(* In the limit-point setting described in the context, it holds $P$-a.s.: (1) for every $t\in[0,T]$, $\int_E X_t\,L(\mathrm d\gamma)=q(t)$; (2) under the measure $L$, the random path $t\mapsto X_t-X_0-\sigma W_t-Z_t$ is $L$-a.s. deterministic, i.e. its law under $L$ is a Dirac mass on $C([0,T];\mathbb R)$.
   Context: Fix $T>0$, $\sigma\in\mathbb R$. Let $n(0)=-1$, $n(1)=+1$; $|k|_t$ denotes the total variation on $[0,t]$ of a continuous BV path $k$. Condition (M) on $\mu:[0,1]\to\mathbb R$: (i) $\mu$ is $C^2$ on $(0,1)$ and there is $c\ge0$ with $-(\mu(x)-\mu(y))(x-y)\le c|x-y|^2$ for $x,y\in(0,1)$; (ii) $\sup_{x\in(0,1/2)}x|\mu(x)|+\sup_{x\in(1/2,1)}(1-x)|\mu(x)|<\infty$; (iii) there is $\rho\in(0,1/2)$ with $\mathrm{sign}(x-1/2)\mu(x)\ge0$ for $x\in(0,\rho)\cup(1-\rho,1)$, and $\mu(0)=\mu(1)=0$. Condition (Q): $q:[0,T]\to[0,1]$ Lipschitz with $\xi\le q\le1-\xi$ for some $\xi\in(0,1)$. Regularizations: for each $\epsilon>0$, $\mu^\epsilon$ is $C^2$ on $[0,1]$, $\mu^\epsilon=\mu$ on $[\epsilon,1-\epsilon]$, $|\mu^\epsilon|\le|\mu|$ on $(0,1)$, and satisfies the one-sided Lipschitz inequality of (M)(i) and the sign condition of (M)(iii) with constants independent of $\epsilon$. Limit-point setting: on a filtered probability space $(\Omega,\mathcal A,(\mathcal F_t),P)$ (usual conditions) are given independent real Brownian motions $(W^i)_{i\ge1}$; for each $N$, $X_0^{(N)}$ is $\mathcal F_0$-measurable, $[0,1]^N$-valued with $\frac1N\sum_iX_0^{i,N}=q(0)$ a.s., and $\frac1N\sum_i\delta_{X_0^{i,N}}$ converges in law to a probability measure $\nu_0$ on $[0,1]$. $(X^{i,N,\epsilon},k^{i,N,\epsilon})_{i=1}^N$ is the solution of the particle system: $X^i$ continuous $[0,1]$-valued, $k^i$ continuous BV, progressively measurable, $X^i_0=X^{i,N}_0$, $\mathrm dX^i_t=\big(-\mu^\epsilon(X^i_t)+\frac1N\sum_{j}\mu^\epsilon(X^j_t)\big)\mathrm dt+\dot q(t)\mathrm dt+\sigma\mathrm dW^i_t-\frac{\sigma}{N}\sum_j\mathrm dW^j_t-\mathrm dk^i_t+\frac1N\sum_j\mathrm dk^j_t$, $\mathrm d|k^i|=1_{\{X^i\in\{0,1\}\}}\mathrm d|k^i|$, $\mathrm dk^i=n(X^i)\mathrm d|k^i|$. $E=C([0,T];\mathbb R)\times C([0,T];[0,1])\times C([0,T];\mathbb R)$ (uniform topology, Borel $\sigma$-algebra), with generic element $(W,X,Z)$, the symbols $W,X,Z$ also denoting the canonical projections; $\mathcal P(E)$ has the weak topology. $L^{N,\epsilon}=\frac1N\sum_{i=1}^N\delta_{(W^i,X^{i,N,\epsilon},-\int_0^\cdot\mu^\epsilon(X^{i,N,\epsilon}_r)\mathrm dr-k^{i,N,\epsilon})}$. A sequence $(N_n,\epsilon_n)$ with $N_n\to\infty$, $\epsilon_n\to0$ is fixed such that $\mathrm{Law}(L^{N_n,\epsilon_n})$ converges weakly to a probability measure $Q$ on $\mathcal P(E)$, and $L$ is a $\mathcal P(E)$-valued random variable defined on $(\Omega,\mathcal A,P)$ with law $Q$. *)

theory Defs
  imports "HOL-Analysis.Analysis" "HOL-Probability.Probability"
begin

Task statement
Begin at the line containing "theory Defs" and reproduce every line through the last one in the records above, exactly.

Task response
theory Defs
  imports "HOL-Analysis.Analysis" "HOL-Probability.Probability"
begin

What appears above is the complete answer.